For this exercise, reproduce the entries below exactly, but only from the line containing "using vec_map_of_rat_in_span[where 'a=real]" through the line containing "then obtain lam", both included.

INFORMATION SUPPLIED section start

lemma separating_cocharacter:
  fixes P :: "(int ^ 'n) set"
  assumes "to_real a \<notin> span (to_real ` P)"
  obtains mu where "\<forall>b\<in>P. pair b mu = 0" and "pair a mu \<noteq> 0"
proof -
  have to_real_eq: "to_real = vec_map of_rat \<circ> vec_map (of_int :: int \<Rightarrow> rat)"
    by (simp add: fun_eq_iff to_real_def vec_map_def)
  have "vec_map of_int a \<notin> vec.span (vec_map (of_int :: int \<Rightarrow> rat) ` P)"
  proof
    assume "vec_map of_int a \<in> vec.span (vec_map (of_int :: int \<Rightarrow> rat) ` P)"
    then have "to_real a \<in> span (to_real ` P)"
      using vec_map_of_rat_in_span[where 'a=real]
      unfolding to_real_eq image_comp[symmetric] comp_apply span_vec_eq by blast
    with assms show False by contradiction
  qed
  then obtain lam where lam_P: "\<forall>b\<in>P. (\<Sum>i\<in>UNIV. of_int (b $ i) * lam $ i) = 0"
    and lam_a: "(\<Sum>i\<in>UNIV. of_int (a $ i) * lam $ i) \<noteq> (0::rat)"
    by (rule separating_functional) (auto simp: vec_map_def)
  obtain d mu where "d > 0" and mu: "vec_map of_int mu = of_int d *s lam"
    by (rule rat_vec_clear_denominators)
  have "of_int (mu $ i) = of_int d * lam $ i" for i
    using arg_cong[OF mu, of "\<lambda>v. v $ i"] by (simp add: vec_map_def)
  then have pair_mu: "(of_int (pair x mu) :: rat) = of_int d * (\<Sum>i\<in>UNIV. of_int (x $ i) * lam $ i)" for x
    by (simp add: pair_def sum_distrib_left mult_ac)
  show thesis
  proof
    show "\<forall>b\<in>P. pair b mu = 0"
      using pair_mu lam_P by (metis of_int_eq_0_iff mult_zero_right)
    show "pair a mu \<noteq> 0"
      using pair_mu[of a] lam_a \<open>d > 0\<close> by auto
  qed
qed

lemma pair_zero_right: "pair x 0 = 0"
  by (simp add: pair_def)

INFORMATION SUPPLIED section end

— ANSWER BELOW —
      using vec_map_of_rat_in_span[where 'a=real]
      unfolding to_real_eq image_comp[symmetric] comp_apply span_vec_eq by blast
    with assms show False by contradiction
  qed
  then obtain lam where lam_P: "\<forall>b\<in>P. (\<Sum>i\<in>UNIV. of_int (b $ i) * lam $ i) = 0"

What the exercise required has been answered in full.